Field Analyser vs _all Analyser and Query String Analyser

I have a field that stores a URL. I want to be able to search the different parts of the URL (delimited by /). Currently, none of the built in analysers split the URL up as I want, so I'm thinking about engaging a pattern tokeniser and using that to analyse URLs.

eg: https://www.domain.com/part1/user@site/part2/part3.jpg gets split into terms:

  • https
  • www.domain.com
  • part1
  • user
  • site
  • part2
  • part3

I want it to get split into:

  • https
  • www.domain.com
  • part1
  • user@site
  • part2
  • part3.jpg

so I'm thinking that a patter tokenizer splitting on / should do it.

However, we also let our users search the _all field (correctly or incorrectly calling it "Everything" - you get the picture).

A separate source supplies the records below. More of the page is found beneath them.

lemma proj_lipschitz_param:
  assumes S: "convex S" "S \<subseteq> U" and l: "l \<in> S" "l' \<in> S" and \<omega>: "\<omega> \<in> symseq m"
  shows "\<bar>Proj l \<omega> - Proj l' \<omega>\<bar> \<le> lip * norm (l - l')"
proof -
  have lU: "l \<in> U" "l' \<in> U" using l S by auto
  have "\<bar>Proj l \<omega> - Proj l' \<omega>\<bar> \<le> C * norm (l - l') / (1 - \<gamma>)"
  proof (rule contraction_recursion_bound[where E = "\<lambda>w. \<bar>Proj l w - Proj l' w\<bar>" and s = "seq_shift 1" and B = "b - a"])
    fix w assume w: "w \<in> symseq m"
    then show "seq_shift 1 w \<in> symseq m" by (rule seq_shift_symseq)
    show "\<bar>Proj l w - Proj l' w\<bar> \<le> b - a"
      using proj_in_interval[OF lU(1) w] proj_in_interval[OF lU(2) w] by auto
    define y y' where "y = Proj l (seq_shift 1 w)" and "y' = Proj l' (seq_shift 1 w)"
    have y: "y \<in> {a..b}" "y' \<in> {a..b}"
      using proj_in_interval lU seq_shift_symseq[OF w] by (auto simp: y_def y'_def)
    have "\<bar>Proj l w - Proj l' w\<bar> \<le> \<bar>f l (w 0) y - f l' (w 0) y\<bar> + \<bar>f l' (w 0) y - f l' (w 0) y'\<bar>"
      using proj_unfold[OF lU(1) w] proj_unfold[OF lU(2) w] by (simp add: y_def y'_def)
    also have "\<dots> \<le> C * norm (l - l') + \<gamma> * \<bar>y - y'\<bar>"
      using f_lipschitz_param[OF S l symseq_in_symbols[OF w] y(1)]
        f_lipschitz_x[OF symseq_in_symbols[OF w] lU(2) y] by (rule add_mono)
    finally show "\<bar>Proj l w - Proj l' w\<bar>
        \<le> C * norm (l - l') + \<gamma> * \<bar>Proj l (seq_shift 1 w) - Proj l' (seq_shift 1 w)\<bar>"
      by (simp add: y_def y'_def)
  qed (use \<gamma> \<omega> in auto)
  then show ?thesis by (simp add: lip_def)
qed

definition grad_term :: "real^'d \<Rightarrow> (nat \<Rightarrow> nat) \<Rightarrow> nat \<Rightarrow> real^'d" where
  "grad_term l \<omega> k = (\<Prod>i<k. Dx l (\<omega> i) (Proj l (seq_shift (Suc i) \<omega>)))
     *\<^sub>R Dl l (\<omega> k) (Proj l (seq_shift (Suc k) \<omega>))"

definition grad :: "real^'d \<Rightarrow> (nat \<Rightarrow> nat) \<Rightarrow> real^'d" where
  "grad l \<omega> = (\<Sum>k. grad_term l \<omega> k)"

lemma grad_term_norm_le:
  assumes l: "l \<in> U" and \<omega>: "\<omega> \<in> symseq m"
  shows "norm (grad_term l \<omega> k) \<le> C * \<gamma> ^ k"
proof -
  note y = proj_in_interval[OF l seq_shift_symseq[OF \<omega>]]
  have "\<bar>\<Prod>i<k. Dx l (\<omega> i) (Proj l (seq_shift (Suc i) \<omega>))\<bar> \<le> (\<Prod>i<k. \<gamma>)"
    unfolding abs_prod using Dx_bound[OF symseq_in_symbols[OF \<omega>] l y] by (intro prod_mono) auto
  then have "\<bar>\<Prod>i<k. Dx l (\<omega> i) (Proj l (seq_shift (Suc i) \<omega>))\<bar>
      * norm (Dl l (\<omega> k) (Proj l (seq_shift (Suc k) \<omega>))) \<le> \<gamma> ^ k * C"
    using Dl_bound[OF symseq_in_symbols[OF \<omega>] l y] by (intro mult_mono) auto
  then show ?thesis by (simp add: grad_term_def mult.commute)
qed

lemma summable_norm_grad_term:
  assumes "l \<in> U" "\<omega> \<in> symseq m"
  shows "summable (\<lambda>k. norm (grad_term l \<omega> k))"
  using grad_term_norm_le[OF assms] \<gamma>
  by (intro summable_comparison_test'[where N = 0, OF summable_mult[OF summable_geometric]]) auto

lemma grad_norm_le:
  assumes "l \<in> U" "\<omega> \<in> symseq m"
  shows "norm (grad l \<omega>) \<le> lip"
proof -
  have "norm (grad l \<omega>) \<le> (\<Sum>k. norm (grad_term l \<omega> k))"
    unfolding grad_def by (rule summable_norm[OF summable_norm_grad_term[OF assms]])
  also have "\<dots> \<le> (\<Sum>k. C * \<gamma> ^ k)"
    using grad_term_norm_le[OF assms] summable_norm_grad_term[OF assms] \<gamma>
    by (intro suminf_le) auto
  also have "\<dots> = lip" using \<gamma> by (simp add: suminf_mult suminf_geometric lip_def)
  finally show ?thesis .
qed

lemma grad_term_Suc:
  "grad_term l \<omega> (Suc k) = Dx l (\<omega> 0) (Proj l (seq_shift 1 \<omega>)) *\<^sub>R grad_term l (seq_shift 1 \<omega>) k"
  by (simp add: grad_term_def prod.lessThan_Suc_shift del: prod.lessThan_Suc)

lemma grad_unfold:
  assumes l: "l \<in> U" and \<omega>: "\<omega> \<in> symseq m"
  shows "grad l \<omega> = Dl l (\<omega> 0) (Proj l (seq_shift 1 \<omega>))
    + Dx l (\<omega> 0) (Proj l (seq_shift 1 \<omega>)) *\<^sub>R grad l (seq_shift 1 \<omega>)"
proof -
  have summable: "summable (grad_term l \<omega>)" "summable (grad_term l (seq_shift 1 \<omega>))"
    using summable_norm_grad_term l \<omega> seq_shift_symseq by (blast intro: summable_norm_cancel)+
  have "grad l \<omega> = grad_term l \<omega> 0
      + (\<Sum>k. Dx l (\<omega> 0) (Proj l (seq_shift 1 \<omega>)) *\<^sub>R grad_term l (seq_shift 1 \<omega>) k)"
    unfolding grad_def using suminf_split_head[OF summable(1)] by (simp add: grad_term_Suc)
  also have "\<dots> = Dl l (\<omega> 0) (Proj l (seq_shift 1 \<omega>))
      + Dx l (\<omega> 0) (Proj l (seq_shift 1 \<omega>)) *\<^sub>R grad l (seq_shift 1 \<omega>)"
    unfolding grad_def suminf_scaleR_right[OF summable(2)] by (simp add: grad_term_def)
  finally show ?thesis .
qed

I know that the _all field has its own analyser (in our case, I'm guessing it's the standard one as we haven't defined one). So, if we search the url field with a given value (eg: user@site) and the _all field with the same value, the results won't be the same because the analysers behave differently.

Is this correct? As I understand it, the _all field is a space-delimited aggregation of all the field values which is then analysed, rather than a list of terms generated by analysing each field using its own analyser. So querying _all with user@site will actually search terms user and site, and querying url with the same would be querying user@site (if we were to employ the pattern tokeniser, as before).

I just want to make sure that I haven't misunderstood anything and my surmise is correct.

Thanks for your help!

This topic was automatically closed 28 days after the last reply. New replies are no longer allowed.